§ EXTRACTED INFORMATION:
Start of Block

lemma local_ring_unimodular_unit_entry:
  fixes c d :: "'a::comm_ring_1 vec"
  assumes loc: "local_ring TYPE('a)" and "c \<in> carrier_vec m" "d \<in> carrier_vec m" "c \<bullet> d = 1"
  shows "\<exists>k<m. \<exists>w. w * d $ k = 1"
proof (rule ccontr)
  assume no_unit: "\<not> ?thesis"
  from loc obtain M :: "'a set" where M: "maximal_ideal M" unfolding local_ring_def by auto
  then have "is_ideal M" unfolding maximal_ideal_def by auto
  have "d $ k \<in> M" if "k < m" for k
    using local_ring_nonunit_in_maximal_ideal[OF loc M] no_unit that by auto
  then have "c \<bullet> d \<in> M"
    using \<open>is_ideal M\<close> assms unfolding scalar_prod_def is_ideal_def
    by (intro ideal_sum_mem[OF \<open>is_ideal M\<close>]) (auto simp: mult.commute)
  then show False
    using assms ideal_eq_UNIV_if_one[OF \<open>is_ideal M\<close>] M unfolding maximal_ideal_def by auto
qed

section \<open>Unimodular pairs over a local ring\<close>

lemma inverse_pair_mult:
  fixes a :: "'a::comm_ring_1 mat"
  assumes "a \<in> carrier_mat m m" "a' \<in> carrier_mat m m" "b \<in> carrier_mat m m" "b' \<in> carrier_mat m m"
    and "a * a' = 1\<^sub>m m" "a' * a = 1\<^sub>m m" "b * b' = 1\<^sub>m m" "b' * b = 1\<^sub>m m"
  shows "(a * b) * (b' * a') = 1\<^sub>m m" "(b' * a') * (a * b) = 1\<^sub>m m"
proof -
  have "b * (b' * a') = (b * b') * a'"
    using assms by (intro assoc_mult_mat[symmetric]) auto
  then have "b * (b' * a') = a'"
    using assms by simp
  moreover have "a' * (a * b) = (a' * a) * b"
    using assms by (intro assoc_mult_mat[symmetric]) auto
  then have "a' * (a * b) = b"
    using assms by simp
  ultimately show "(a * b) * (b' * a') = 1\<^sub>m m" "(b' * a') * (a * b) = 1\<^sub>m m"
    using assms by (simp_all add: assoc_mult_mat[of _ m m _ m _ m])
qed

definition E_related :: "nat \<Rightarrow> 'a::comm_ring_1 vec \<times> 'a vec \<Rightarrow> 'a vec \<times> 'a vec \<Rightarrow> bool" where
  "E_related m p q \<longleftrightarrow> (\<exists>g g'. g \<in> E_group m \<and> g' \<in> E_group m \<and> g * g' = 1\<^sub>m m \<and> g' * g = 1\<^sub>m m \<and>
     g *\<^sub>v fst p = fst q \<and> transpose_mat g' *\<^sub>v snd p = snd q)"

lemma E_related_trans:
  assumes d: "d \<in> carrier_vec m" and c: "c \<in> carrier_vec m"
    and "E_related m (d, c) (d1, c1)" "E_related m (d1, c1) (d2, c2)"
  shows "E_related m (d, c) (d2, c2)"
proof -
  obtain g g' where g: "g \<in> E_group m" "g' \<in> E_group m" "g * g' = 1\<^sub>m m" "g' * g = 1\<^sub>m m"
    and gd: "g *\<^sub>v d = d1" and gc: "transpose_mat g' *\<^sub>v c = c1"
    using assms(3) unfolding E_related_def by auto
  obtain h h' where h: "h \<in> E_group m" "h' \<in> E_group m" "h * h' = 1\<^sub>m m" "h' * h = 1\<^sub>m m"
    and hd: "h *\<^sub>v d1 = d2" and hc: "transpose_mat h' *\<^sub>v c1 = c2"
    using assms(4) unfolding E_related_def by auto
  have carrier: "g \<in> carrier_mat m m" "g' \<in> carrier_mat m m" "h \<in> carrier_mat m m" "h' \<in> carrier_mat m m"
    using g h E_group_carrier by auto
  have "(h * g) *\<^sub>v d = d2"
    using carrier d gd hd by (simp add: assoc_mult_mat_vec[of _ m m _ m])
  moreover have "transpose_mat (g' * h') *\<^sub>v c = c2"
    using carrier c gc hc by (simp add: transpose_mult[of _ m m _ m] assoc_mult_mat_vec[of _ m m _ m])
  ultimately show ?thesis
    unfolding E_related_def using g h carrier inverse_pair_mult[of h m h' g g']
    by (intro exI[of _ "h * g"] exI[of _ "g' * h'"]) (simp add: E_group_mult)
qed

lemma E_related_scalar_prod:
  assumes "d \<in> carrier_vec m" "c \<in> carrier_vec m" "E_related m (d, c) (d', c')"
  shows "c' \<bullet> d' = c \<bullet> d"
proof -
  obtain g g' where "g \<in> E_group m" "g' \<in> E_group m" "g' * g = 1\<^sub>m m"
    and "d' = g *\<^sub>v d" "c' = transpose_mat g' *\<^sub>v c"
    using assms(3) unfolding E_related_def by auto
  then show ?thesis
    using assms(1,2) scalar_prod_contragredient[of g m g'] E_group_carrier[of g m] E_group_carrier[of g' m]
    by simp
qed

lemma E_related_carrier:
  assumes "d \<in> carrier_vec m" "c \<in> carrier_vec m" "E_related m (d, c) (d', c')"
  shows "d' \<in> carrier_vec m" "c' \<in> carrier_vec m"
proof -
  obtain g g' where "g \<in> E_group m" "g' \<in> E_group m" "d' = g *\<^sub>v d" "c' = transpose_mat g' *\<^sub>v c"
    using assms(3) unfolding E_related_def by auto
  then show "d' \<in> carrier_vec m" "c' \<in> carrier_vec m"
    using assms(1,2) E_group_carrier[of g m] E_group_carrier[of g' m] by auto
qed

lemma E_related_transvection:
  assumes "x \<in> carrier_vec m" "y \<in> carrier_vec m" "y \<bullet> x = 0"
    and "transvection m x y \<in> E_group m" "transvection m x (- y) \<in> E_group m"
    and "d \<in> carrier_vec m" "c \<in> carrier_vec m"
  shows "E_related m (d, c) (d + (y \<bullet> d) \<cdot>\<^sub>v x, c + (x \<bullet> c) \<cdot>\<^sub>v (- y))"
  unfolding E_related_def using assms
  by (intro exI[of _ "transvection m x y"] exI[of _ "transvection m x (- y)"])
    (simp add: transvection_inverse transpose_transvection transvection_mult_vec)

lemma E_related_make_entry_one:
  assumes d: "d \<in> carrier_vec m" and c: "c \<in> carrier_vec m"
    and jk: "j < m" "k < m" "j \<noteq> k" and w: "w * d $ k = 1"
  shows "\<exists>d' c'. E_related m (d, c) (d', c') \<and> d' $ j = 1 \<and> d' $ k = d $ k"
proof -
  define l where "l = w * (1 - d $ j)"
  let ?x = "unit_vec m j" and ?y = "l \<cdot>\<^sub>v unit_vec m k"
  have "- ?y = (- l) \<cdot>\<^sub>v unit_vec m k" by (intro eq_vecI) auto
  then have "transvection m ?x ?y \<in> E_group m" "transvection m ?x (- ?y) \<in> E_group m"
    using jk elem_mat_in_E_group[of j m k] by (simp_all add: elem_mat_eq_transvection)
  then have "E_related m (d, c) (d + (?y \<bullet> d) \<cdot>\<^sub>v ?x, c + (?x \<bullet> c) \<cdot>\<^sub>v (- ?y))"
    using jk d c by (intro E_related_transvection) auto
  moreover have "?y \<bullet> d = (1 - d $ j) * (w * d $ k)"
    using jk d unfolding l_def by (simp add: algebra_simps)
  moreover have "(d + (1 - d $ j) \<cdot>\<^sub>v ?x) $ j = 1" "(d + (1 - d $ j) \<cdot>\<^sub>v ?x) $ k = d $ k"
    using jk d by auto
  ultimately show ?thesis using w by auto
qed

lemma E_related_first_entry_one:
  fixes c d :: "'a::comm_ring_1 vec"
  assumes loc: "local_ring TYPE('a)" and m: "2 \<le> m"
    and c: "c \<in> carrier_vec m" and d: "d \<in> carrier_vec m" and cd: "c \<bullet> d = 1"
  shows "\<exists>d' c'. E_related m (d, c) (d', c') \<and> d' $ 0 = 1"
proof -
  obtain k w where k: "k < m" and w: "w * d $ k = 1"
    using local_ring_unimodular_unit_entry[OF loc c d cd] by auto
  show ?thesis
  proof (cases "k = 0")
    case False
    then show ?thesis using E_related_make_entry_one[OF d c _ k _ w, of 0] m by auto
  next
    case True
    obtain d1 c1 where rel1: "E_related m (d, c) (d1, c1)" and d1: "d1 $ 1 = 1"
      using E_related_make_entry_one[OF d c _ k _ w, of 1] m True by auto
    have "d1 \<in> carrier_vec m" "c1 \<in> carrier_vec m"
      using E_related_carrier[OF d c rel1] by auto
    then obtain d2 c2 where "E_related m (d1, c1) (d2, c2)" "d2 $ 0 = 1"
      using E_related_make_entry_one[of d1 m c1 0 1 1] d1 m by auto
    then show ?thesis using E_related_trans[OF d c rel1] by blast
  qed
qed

End of Block

§ WHAT THIS TASK INVOLVES: Determine which lines above include the word "TYPE", and report those lines in full.

§ EXERCISE SOLUTION:
  assumes loc: "local_ring TYPE('a)" and "c \<in> carrier_vec m" "d \<in> carrier_vec m" "c \<bullet> d = 1"
  assumes loc: "local_ring TYPE('a)" and m: "2 \<le> m"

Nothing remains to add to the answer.